A classic empirical finding, first made by Spearman (1904), is that test scores on several specific and different intellectual abilities covary and hence form the statistical abstraction called general intelligence (g). In other words, people who score well on one particular cognitive ability tend to score well on others. Based on these findings, general intelligence is understood psychometrically as a latent trait, meaning that it is not measured directly, but inferred from several measured cognitive abilities such as verbal and spatial abilities. However, every cognitive domain also has some degree of specificity. For instance, it is possible for an individual to score above average in logical ability but below average in verbal ability. In fact, a large controversy in the history of intelligence theory and research concerns how to understand both the general and the specific aspect of intelligence. Many theoreticians agree that g is important for all mental abilities (Jensen 1998), while others claim that humans have multiple and separate intelligences, such as interpersonal and musical ability (e.g., Gardner 2011). However, the latter theory seems to be a synthesis of general and specific intelligence, as well as noncognitive abilities and personality traits (Visser et al. 2006).
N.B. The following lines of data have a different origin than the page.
lemma cross_inversions_empty_imp_image:
  assumes w: "w permutes {1..n}" and "i \<le> n" and empty: "cross_inversions n i w = {}"
  shows "w ` {1..i} = {1..i}"
proof -
  have card_w_image: "card (w ` {1..i}) = card {1..i}"
    using permutes_inj[OF w] by (simp add: card_image inj_on_subset)
  have "w ` {1..i} \<subseteq> {1..i}"
  proof
    fix c assume "c \<in> w ` {1..i}"
    then obtain k where k: "k \<in> {1..i}" "w k = c"
      by blast
    show "c \<in> {1..i}"
    proof (rule ccontr)
      assume "c \<notin> {1..i}"
      have "\<not> {1..i} \<subseteq> w ` {1..i}"
      proof
        assume "{1..i} \<subseteq> w ` {1..i}"
        then have "{1..i} = w ` {1..i}"
          by (rule card_subset_eq[OF finite_imageI[OF finite_atLeastAtMost] _ card_w_image[symmetric]])
        then show False
          using \<open>c \<in> w ` {1..i}\<close> \<open>c \<notin> {1..i}\<close> by simp
      qed
      then obtain d where d: "d \<in> {1..i}" "d \<notin> w ` {1..i}"
        by blast
      then have "d \<in> w ` {1..n}"
        using \<open>i \<le> n\<close> permutes_image[OF w] by auto
      then obtain l where "l \<in> {1..n}" "w l = d"
        by blast
      moreover have "l \<notin> {1..i}"
        using d \<open>w l = d\<close> by blast
      moreover have "c \<in> {1..n}"
        using k \<open>i \<le> n\<close> permutes_in_image[OF w, of k] by auto
      ultimately have "(k, l) \<in> cross_inversions n i w"
        using k d \<open>c \<notin> {1..i}\<close> unfolding cross_inversions_def by auto
      then show False
        using empty by simp
    qed
  qed
  then show ?thesis
    by (rule card_subset_eq[OF finite_atLeastAtMost _ card_w_image])
qed

lemma cross_inversions_emptyD:
  assumes w: "w permutes {1..n}" and "cross_inversions n i w = {}" "k \<in> {1..i}" "l \<in> {Suc i..n}"
  shows "w k < w l"
proof -
  have "w k \<noteq> w l"
    using assms(3,4) injD[OF permutes_inj[OF w]] by fastforce
  moreover have "\<not> w l < w k"
    using assms(2-4) unfolding cross_inversions_def by auto
  ultimately show ?thesis
    by simp
qed

lemma cross_inversions_sref_comp_emptyE:
  assumes w: "w permutes {1..n}" and i: "1 \<le> i" "i < n"
    and empty: "cross_inversions n i (sref i \<circ> w) = {}"
  obtains k l where "cross_inversions n i w = {(k, l)}" "w k = Suc i" "w l = i"
proof -
  define v where "v = sref i \<circ> w"
  have v: "v permutes {1..n}"
    unfolding v_def using permutes_compose[OF w sref_permutes[OF i]] .
  have v_image: "v ` {1..i} = {1..i}"
    using cross_inversions_empty_imp_image[OF v] empty i unfolding v_def by simp
  have "w = sref i \<circ> v"
    unfolding v_def by simp
  have "(v l < v k \<longleftrightarrow> {v k, v l} \<noteq> {i, Suc i}) \<longleftrightarrow> v k = i \<and> v l = Suc i"
    if "k \<in> {1..i}" "l \<in> {Suc i..n}" for k l
    using cross_inversions_emptyD[OF v empty[folded v_def] that] by (auto simp: doubleton_eq_iff)
  then have cross: "cross_inversions n i w =
      {(k, l). k \<in> {1..i} \<and> l \<in> {Suc i..n} \<and> v k = i \<and> v l = Suc i}"
    unfolding \<open>w = sref i \<circ> v\<close> cross_inversions_sref_comp by blast
  have "i \<in> v ` {1..i}"
    using v_image i by simp
  then obtain k where k: "i = v k" "k \<in> {1..i}"
    by (rule imageE)
  have "Suc i \<in> v ` {1..n}"
    using permutes_image[OF v] i by simp
  then obtain l where l: "Suc i = v l" "l \<in> {1..n}"
    by (rule imageE)
  have "l \<notin> {1..i}"
  proof
    assume "l \<in> {1..i}"
    then have "v l \<in> {1..i}"
      using v_image by blast
    with l show False
      by auto
  qed
  have "cross_inversions n i w = {(k, l)}"
    using k l \<open>l \<notin> {1..i}\<close> injD[OF permutes_inj[OF v]] unfolding cross by auto
  moreover have "w k = Suc i" "w l = i"
    using k(1) l(1) \<open>w = sref i \<circ> v\<close> by (simp_all add: sref_apply)
  ultimately show ?thesis
    using that by blast
qed

text \<open>A value strictly between w l and w k would create a second cross inversion.\<close>

lemma cross_inversions_singleton_consecutive:
  assumes w: "w permutes {1..n}" and "i < n" and single: "cross_inversions n i w = {(k, l)}"
  shows "w k = Suc (w l)"
proof (rule ccontr)
  have k: "k \<in> {1..i}" and l: "l \<in> {Suc i..n}" and "w l < w k"
    using single unfolding cross_inversions_def by auto
  have unique: "k' = k \<and> l' = l" if "k' \<in> {1..i}" "l' \<in> {Suc i..n}" "w l' < w k'" for k' l'
    using that single unfolding cross_inversions_def by blast
  assume "w k \<noteq> Suc (w l)"
  then have "Suc (w l) < w k"
    using \<open>w l < w k\<close> by simp
  moreover have "w k \<in> {1..n}"
    using k \<open>i < n\<close> permutes_in_image[OF w, of k] by auto
  ultimately have "Suc (w l) \<in> w ` {1..n}"
    using permutes_image[OF w] by auto
  then obtain x where x: "Suc (w l) = w x" "x \<in> {1..n}"
    by (rule imageE)
  show False
  proof (cases "x \<le> i")
    case True
    then show False
      using unique[of x l] x l \<open>Suc (w l) < w k\<close> by auto
  next
    case False
    then show False
      using unique[of k x] x k \<open>Suc (w l) < w k\<close> by auto
  qed
qed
Today intelligence has emerged as a generalist concept that influences many real-life outcomes. Most obviously, it predicts educational attainment (Jensen 1998), but intelligence is also a strong predictor in a wide range of nonacademic areas. In fact, intelligence predicts general health and longevity (Hart et al. 2003), and it is the single best predictor of success in job training and performance, with predictive power increasing with job complexity (Schmidt and Hunter 2004). Overall, intelligence is the best single predictor for both favorable socioeconomic outcomes, such as good education, occupation, and income, and negatively for unfavorable outcomes such as adult poverty, incarceration, and chronic welfare use (Gottfredson 1997b; Gottfredson and Deary 2004).

How Intelligence Works

How can a vast collection of unintelligent neurons produce intelligent behavior? Intelligence cannot, of course, arise out of lumps of brain matter alone. Instead, intelligence is produced by the computations going on within the neural tissue. That is, human minds can do intelligent things because nervous systems represent, process, and transform information (Clark 2014). One key property of a computational system is the ability to change its operation based on information (Cosmides and Tooby 2002). Hence, computational processes can be seen as independent of the physical machinery in which it occurs. For example, the plastic cover on a thermostat is not a computational system, but the thermocouple that responds to a particular room temperature and turns on the switch that activates the heat-generating parts of a furnace is a computational system. Similarly, the visual system in the human brain that detects the presence of a predator and activates muscles that either makes a person run away if the predator has seen it, or freeze if it has not, is a computational system (Cosmides and Tooby 2002).

How does the computing in neural circuitry actually work? One approach in cognitive science, called connectionism, uses the insights gained from artificial neural networks to shed light on how intelligence can be produced (Elman et al. 1998). The design of computer-programmed artificial neural nets works by many interconnected nodes that are modified by a learning rule that, over time, strengthen particular connections to produce the desired outcome (Striedter 2005). Hence, in the connectionist perspective, the knowledge base residing within neural structures are composed of sets of simple processors linked by a daunting mass of wiring and connections (Clark 2014).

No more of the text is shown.